# Pretty Snow Pic...



## Dave KG (Feb 23, 2006)

Taken this morning from my lab window in Aberfeldy...










Not a lot of snow, but combined with the sun and the cloud and mist effects, it made for a stunning morning :thumb:


----------



## suspal (Dec 29, 2011)

picture postcard that dave :thumb:


----------



## CraigQQ (Jan 20, 2011)

suspal said:


> picture postcard that dave :thumb:


indeed.. cut down on the sky a little, to make it postcard size and it would be a perfect postcard that.

nice photo Dave


----------



## Dave KG (Feb 23, 2006)

Not bad for a mobile phone pic out the lab window!


----------



## Prism Detailing (Jun 8, 2006)

Looks good, hoping its still like that in a next weekend when i head up to Kenmore for the weekend


----------



## SDMDChris (Jan 11, 2013)

Gorgeous!

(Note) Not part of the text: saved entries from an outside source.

(* Let $\Lambda$ be a finite $k$-graph each of whose coordinate matrices $A_1,\dots,A_k$ is irreducible. Suppose there exist an $\mathbb{R}_+$-functor $y$ on $\Lambda$ and $\beta\in(0,\infty)$ such that for all $\lambda,\nu\in\Lambda$, $$y(\lambda)+\tfrac1\beta\ln\big(\rho(B(y,\beta))^{d(\lambda)}\big)=y(\nu)+\tfrac1\beta\ln\big(\rho(B(y,\beta))^{d(\nu)}\big)\ \Longrightarrow\ d(\lambda)=d(\nu).$$ Then $\Lambda$ is aperiodic.
   Context: A $k$-graph is a countable small category $\Lambda$ with a degree functor $d:\Lambda\to\mathbb{N}^k$ satisfying unique factorization: if $d(\lambda)=m+n$ there are unique $\eta,\nu$ with $\lambda=\eta\nu$, $d(\eta)=m$, $d(\nu)=n$. $\Lambda^n=d^{-1}(n)$, $\Lambda^0$ = vertices, $r,s$ range/source, $v\Lambda^nw$ paths of degree $n$ from $w$ to $v$; finite: each $\Lambda^n$ finite. Coordinate matrices: $A_i(v,w)=|v\Lambda^{e_i}w|$; a square nonnegative matrix is irreducible if for every pair of indices $(v,w)$ some power has positive $(v,w)$ entry. (Coordinatewise irreducibility implies $\Lambda$ is strongly connected, i.e. $v\Lambda w\neq\emptyset$ for all vertices.) An $\mathbb{R}_+$-functor is $y:\Lambda\to[0,\infty)$ with $y(v)=0$ on vertices and $y(\lambda\nu)=y(\lambda)+y(\nu)$ when $s(\lambda)=r(\nu)$. $B_i(y,\beta)_{v,w}=\sum_{\lambda\in v\Lambda^{e_i}w}e^{-\beta y(\lambda)}$; $\rho$ = spectral radius ($>0$); $\rho(B(y,\beta))^m=\prod_i\rho(B_i(y,\beta))^{m_i}$. $\Lambda^\infty$: degree-preserving functors from $\Omega_k$ (objects $\mathbb{N}^k$, morphisms $(m,n)$, $m\le n$, $d(m,n)=n-m$) into $\Lambda$; $Z(v)=\{x:x(0,0)=v\}$; $\sigma^j(x)(m,n)=x(m+j,n+j)$. $\mathrm{Per}(v)$ is the subgroup of $\mathbb{Z}^k$ generated by $\{m-n:\sigma^m(x)=\sigma^n(x)\ \forall x\in Z(v)\}$; for strongly connected finite $\Lambda$ it is independent of $v$, denoted $\mathrm{Per}\,\Lambda$; $\Lambda$ is aperiodic iff $\mathrm{Per}\,\Lambda=\{0\}$. *)

theory Defs
  imports Complex_Main "HOL-Library.Countable_Set"
begin

text \<open>Degrees: elements of N^k are encoded as functions nat => nat vanishing outside {..<k}.\<close>
definition Nk :: "nat \<Rightarrow> (nat \<Rightarrow> nat) set" where
  "Nk k = {m. \<forall>i\<ge>k. m i = 0}"

definition unitvec :: "nat \<Rightarrow> nat \<Rightarrow> nat" where
  "unitvec i = (\<lambda>j. if j = i then 1 else 0)"

text \<open>A k-graph: morphism set Mor, range r, source s, composition cmp (meaningful when
  s a = r b), degree functor d.  Objects are identified with identity morphisms.\<close>
definition kgraph :: "nat \<Rightarrow> 'a set \<Rightarrow> ('a \<Rightarrow> 'a) \<Rightarrow> ('a \<Rightarrow> 'a) \<Rightarrow> ('a \<Rightarrow> 'a \<Rightarrow> 'a)
    \<Rightarrow> ('a \<Rightarrow> nat \<Rightarrow> nat) \<Rightarrow> bool" where
  "kgraph k Mor r s cmp d \<longleftrightarrow>
     countable Mor \<and>
     (\<forall>l\<in>Mor. r l \<in> Mor \<and> s l \<in> Mor \<and> d (r l) = (\<lambda>_. 0) \<and> d (s l) = (\<lambda>_. 0)) \<and>
     (\<forall>v\<in>Mor. d v = (\<lambda>_. 0) \<longrightarrow> r v = v \<and> s v = v) \<and>
     (\<forall>l\<in>Mor. cmp (r l) l = l \<and> cmp l (s l) = l) \<and>
     (\<forall>a\<in>Mor. \<forall>b\<in>Mor. s a = r b \<longrightarrow>
        cmp a b \<in> Mor \<and> r (cmp a b) = r a \<and> s (cmp a b) = s b \<and>
        d (cmp a b) = (\<lambda>i. d a i + d b i)) \<and>
     (\<forall>a\<in>Mor. \<forall>b\<in>Mor. \<forall>c\<in>Mor. s a = r b \<and> s b = r c \<longrightarrow>
        cmp (cmp a b) c = cmp a (cmp b c)) \<and>
     (\<forall>l\<in>Mor. d l \<in> Nk k) \<and>
     (\<forall>l\<in>Mor. \<forall>m\<in>Nk k. \<forall>n\<in>Nk k. d l = (\<lambda>i. m i + n i) \<longrightarrow>
        (\<exists>!p. fst p \<in> Mor \<and> snd p \<in> Mor \<and> s (fst p) = r (snd p) \<and>
              l = cmp (fst p) (snd p) \<and> d (fst p) = m \<and> d (snd p) = n))"

definition finite_kgraph :: "nat \<Rightarrow> 'a set \<Rightarrow> ('a \<Rightarrow> nat \<Rightarrow> nat) \<Rightarrow> bool" where
  "finite_kgraph k Mor d \<longleftrightarrow> (\<forall>n\<in>Nk k. finite {l\<in>Mor. d l = n})"

definition vertices :: "'a set \<Rightarrow> ('a \<Rightarrow> nat \<Rightarrow> nat) \<Rightarrow> 'a set" where
  "vertices Mor d = {l\<in>Mor. d l = (\<lambda>_. 0)}"

definition paths_between :: "'a set \<Rightarrow> ('a \<Rightarrow> 'a) \<Rightarrow> ('a \<Rightarrow> 'a) \<Rightarrow> ('a \<Rightarrow> nat \<Rightarrow> nat)
    \<Rightarrow> 'a \<Rightarrow> (nat \<Rightarrow> nat) \<Rightarrow> 'a \<Rightarrow> 'a set" where
  "paths_between Mor r s d v n w = {l\<in>Mor. d l = n \<and> r l = v \<and> s l = w}"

Wish I had that kind of view over here!


----------



## Alex L (Oct 25, 2005)

Very nice Dave  

Looks very different to Rarotonga where I've just come back from lol


----------



## steview (Sep 23, 2010)

Very very nice mate


----------



## WHIZZER (Oct 25, 2005)

Nice Pic Dave


----------



## MEH4N (Mar 15, 2012)

that looks good. Wish i had that sort of view


----------



## nudda (Oct 28, 2008)

very nice. Here's one I have ...


----------



## plod87 (Jul 30, 2012)

Crackin pics there guys


----------



## Scrim-1- (Oct 8, 2008)

That's a great pic, what phone was it taken on?


----------



## Dave KG (Feb 23, 2006)

Scrim-1- said:


> That's a great pic, what phone was it taken on?


Old Blackberry Bold.


----------